Will the oils in the soap "come through" or cause any other problems with the white tissue paper? Some of mine are going to be 20% SF coconut oil bars, the rest will be 5% SF lard/oil mixes. I was thinking of just using the scrapbook paper to wrap, but then got concerned about possible ink transfer (double sided scrapbook paper). 

Now I have to figure out labels too.......


----------



## IrishLass (Aug 1, 2015)

I use white tissue paper to wrap my shave soaps (superfatted somewhere around 8%) and I've never had oil transfer to the paper from the soap. I wrap my regular bars in glassine-type paper (white paper sandwich wrap) and I've never had oil-transfer there either- not even with my 20% superfatted bars. 

I don't know that I'd want to use decorative double-sided paper (where the colorful decoration is on both sides). At the very least, I would test it out first on a sample bar to see how it fares over time before deciding to wrap all your bars in it, in case the ink from the paper rubs off. 

Have fun making labels! It's almost as fun for me as making soap, which is very fun. 


IrishLass


----------



## jblaney (Aug 1, 2015)

I wrap mine is waxed baker tissue I get at Smart & Final.   You can get a box of 1000 sheets, 5 1/2 X 9 for a few bucks.   It's perfect and cheap, then you can wrap in pretty paper over that if you like.


----------



## nsmar4211 (Aug 2, 2015)

Bakers tissue, never heard of it.... we don't have Smart and Finals here. Will have to check walmart and publix for something similiar  thanks!


----------



## tbeck3579 (Aug 2, 2015)

Funny this post is popping up because I was searching the forums a few minutes ago for ideas when I found this post by IrishLass -- with a picture.
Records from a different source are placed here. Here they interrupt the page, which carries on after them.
lemma one_pos_0 [simp]: "one_pos 0 = 0"
  by (simp add: one_pos_def)

lemma one_pos_less_Suc: "one_pos n < one_pos (Suc n)"
  using a_1_pos a_mono[of n] by (cases n) (auto simp: one_pos_def)

lemma strict_mono_one_pos: "strict_mono one_pos"
  by (rule strict_monoI_Suc) (rule one_pos_less_Suc)

lemma one_pos_add: "one_pos n + i \<le> one_pos (n + i)"
proof (induction i)
  case (Suc i)
  then show ?case using one_pos_less_Suc[of "n + i"] by simp
qed simp

lemma one_pos_ge: "n \<le> one_pos n"
  using one_pos_add[of 0 n] by simp

lemma partial_sum_Suc: "partial_sum (Suc n) = partial_sum n + (1/2) ^ one_pos (Suc n)"
  by (simp add: partial_sum_def one_pos_Suc)

lemma partial_sum_mono: "i \<le> j \<Longrightarrow> partial_sum i \<le> partial_sum j"
proof (induction j rule: dec_induct)
  case (step n)
  then show ?case using partial_sum_Suc[of n] by (simp add: add_increasing2)
qed simp

lemma partial_sum_nonneg: "0 \<le> partial_sum n"
  using partial_sum_mono[of 0 n] by (simp add: partial_sum_def)

lemma tail_sums: "(\<lambda>i. (1/2::real) ^ a (Suc (i + n))) sums (x - partial_sum n)"
  using sums_split_initial_segment[OF a_sums, of n] by (simp add: partial_sum_def)

lemma tail_ge: "(1/2) ^ one_pos (Suc n) \<le> x - partial_sum n"
proof -
  have "(\<Sum>i<1. (1/2::real) ^ a (Suc (i + n))) \<le> (\<Sum>i. (1/2::real) ^ a (Suc (i + n)))"
    by (rule sum_le_suminf) (use tail_sums in \<open>auto simp: sums_iff\<close>)
  then show ?thesis using tail_sums by (simp add: sums_iff one_pos_Suc)
qed

lemma partial_sum_less: "partial_sum n < x"
  using tail_ge[of n] by (smt (verit) zero_less_power zero_less_divide_1_iff)

lemma tail_le: "x - partial_sum n \<le> 2 * (1/2) ^ one_pos (Suc n)"
proof -
  have geom: "(\<lambda>i. (1/2::real) ^ one_pos (Suc n) * (1/2)^i) sums ((1/2) ^ one_pos (Suc n) * 2)"
    using sums_mult[OF geometric_sums[of "1/2::real"]] by simp
  have "(1/2::real) ^ a (Suc (i + n)) \<le> (1/2) ^ one_pos (Suc n) * (1/2)^i" for i
  proof -
    have "one_pos (Suc n) + i \<le> a (Suc (i + n))"
      using one_pos_add[of "Suc n" i] by (simp add: one_pos_Suc add.commute)
    then have "(1/2::real) ^ a (Suc (i + n)) \<le> (1/2) ^ (one_pos (Suc n) + i)"
      by (rule power_decreasing) auto
    then show ?thesis by (simp add: power_add)
  qed
  from sums_le[OF this tail_sums geom] show ?thesis by simp
qed

lemma partial_sum_dyadic: "one_pos n \<le> j \<Longrightarrow> \<exists>N::nat. partial_sum n = real N / 2^j"
proof (induction n)
  case 0
  show ?case by (auto simp: partial_sum_def intro!: exI[of _ 0])
next
  case (Suc n)
  obtain N where N: "partial_sum n = real N / 2^j"
    using Suc one_pos_less_Suc[of n] by force
  have "(1/2::real) ^ one_pos (Suc n) = 2^(j - one_pos (Suc n)) / 2^j"
    using Suc.prems by (simp add: power_one_over power_diff)
  then have "partial_sum (Suc n) = real (N + 2^(j - one_pos (Suc n))) / 2^j"
    using N by (simp add: partial_sum_Suc add_divide_distrib)
  then show ?case by blast
qed

lemma tail_less: "x - partial_sum n < 2 * (1/2) ^ one_pos (Suc n)"
proof (rule ccontr)
  assume "\<not> ?thesis"
  then have x: "x = partial_sum n + 2 * (1/2) ^ one_pos (Suc n)"
    using tail_le[of n] by simp
  obtain N where N: "partial_sum n = real N / 2 ^ one_pos (Suc n)"
    using partial_sum_dyadic[of n "one_pos (Suc n)"] one_pos_less_Suc[of n] by force
  have "x = real (N + 2) / 2 ^ one_pos (Suc n)"
    unfolding x N by (simp add: power_one_over add_divide_distrib)
  then have "dyadic x" unfolding dyadic_def by (metis of_int_of_nat_eq)
  then show False using not_dyadic by simp
qed

lemma x_minus_partial_sum_less: "x - partial_sum m < (1/2)^m"
proof -
  have "(1/2::real) ^ one_pos (Suc m) \<le> (1/2) ^ Suc m"
    using one_pos_ge[of "Suc m"] by (intro power_decreasing) auto
  then show ?thesis using tail_less[of m] by simp
qed

definition dyadic_index :: "nat \<Rightarrow> nat" where
  "dyadic_index j = nat \<lfloor>2^j * x\<rfloor>"

definition slope :: "nat \<Rightarrow> real" where
  "slope j = dyadic_slope j (dyadic_index j)"

lemma dyadic_index_bounds:
  shows "real (dyadic_index j) < 2^j * x" "2^j * x < real (dyadic_index j) + 1"
    and "dyadic_index j < 2^j"
proof -
  have index: "real (dyadic_index j) = of_int \<lfloor>2^j * x\<rfloor>"
    unfolding dyadic_index_def using x_pos by simp
  then show "2^j * x < real (dyadic_index j) + 1" by linarith
  show below: "real (dyadic_index j) < 2^j * x"
  proof (rule ccontr)
    assume "\<not> ?thesis"
    then have "2^j * x = of_int \<lfloor>2^j * x\<rfloor>" using index by linarith
    then have "x = of_int \<lfloor>2^j * x\<rfloor> / 2^j" by (simp add: field_simps)
    then have "dyadic x" unfolding dyadic_def by blast
    then show False using not_dyadic by simp
  qed
  have "2^j * x < (2::real)^j" using x_less_1 by simp
  then have "real (dyadic_index j) < 2^j" using below by linarith
  then show "dyadic_index j < 2^j" by (metis of_nat_less_iff of_nat_numeral of_nat_power)
qed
I also found a cool, inexpensive and easy idea for laundry soap or liquid soap.


----------



## nsmar4211 (Aug 3, 2015)

Was skimming and couldn't figure out how'd I'd get the bars of soap in the mason jars LOL...duh!!!

If the sheets are just waxed paper, I may just tear some off a roll. I only need about 100...maybe 120 to wrap... and then I'll either do bands or use whole sheets of my "unwanted" scrapbook paper. I should probably count the unwanted sheets LOL.....

Wait, "only" 120 bars of soap? What am I THINKING????? LOL


----------



## not_ally (Aug 3, 2015)

You'd be surprised how many bars of soap you can foist upon people if you work hard enough   I soap like a madwoman, but manage to pawn off enough on unsuspecting victims to free up sufficient space on my curing racks on as-needed basis!


----------



## tbeck3579 (Aug 3, 2015)

nsmar4211 said:


> Was skimming and couldn't figure out how'd I'd get the bars of soap in the mason jars LOL...duh!!!
> 
> If the sheets are just waxed paper, I may just tear some off a roll. I only need about 100...maybe 120 to wrap... and then I'll either do bands or use whole sheets of my "unwanted" scrapbook paper. I should probably count the unwanted sheets LOL.....
> 
> Wait, "only" 120 bars of soap? What am I THINKING????? LOL



I do like the soap IrishLass wrapped in the decorative paper and it is very reasonably priced. Hahaha :lolno: canning jars and bars of soap.  Although, when you said that I thought about a bar of soap fitting easily in a wide mouth jar.  I think I'll try it to see if it does.  I went to an auction yesterday mainly because the pictures showed a stack of old mason jars hidden in a corner.  The smaller jars, regular mouth, are 8 dollars a dozen new, and that's the best price I can find.  Wide mouth jars are 9 dollars a dozen.  I got 8 dozen jars, mostly wide mouth for a dollar.  It was hot yesterday and the mason jars were among the very last things to bid on so everyone was leaving.  I got the deal of the decade :clap:


----------



## nsmar4211 (Aug 4, 2015)

WOW that's a great haul of jars. I have a few dozen but they're for the one day I do canning (one day....). 

Ya know, if you do small guest sized bars they would indeed fit in jars.... maybe for next year LOL


----------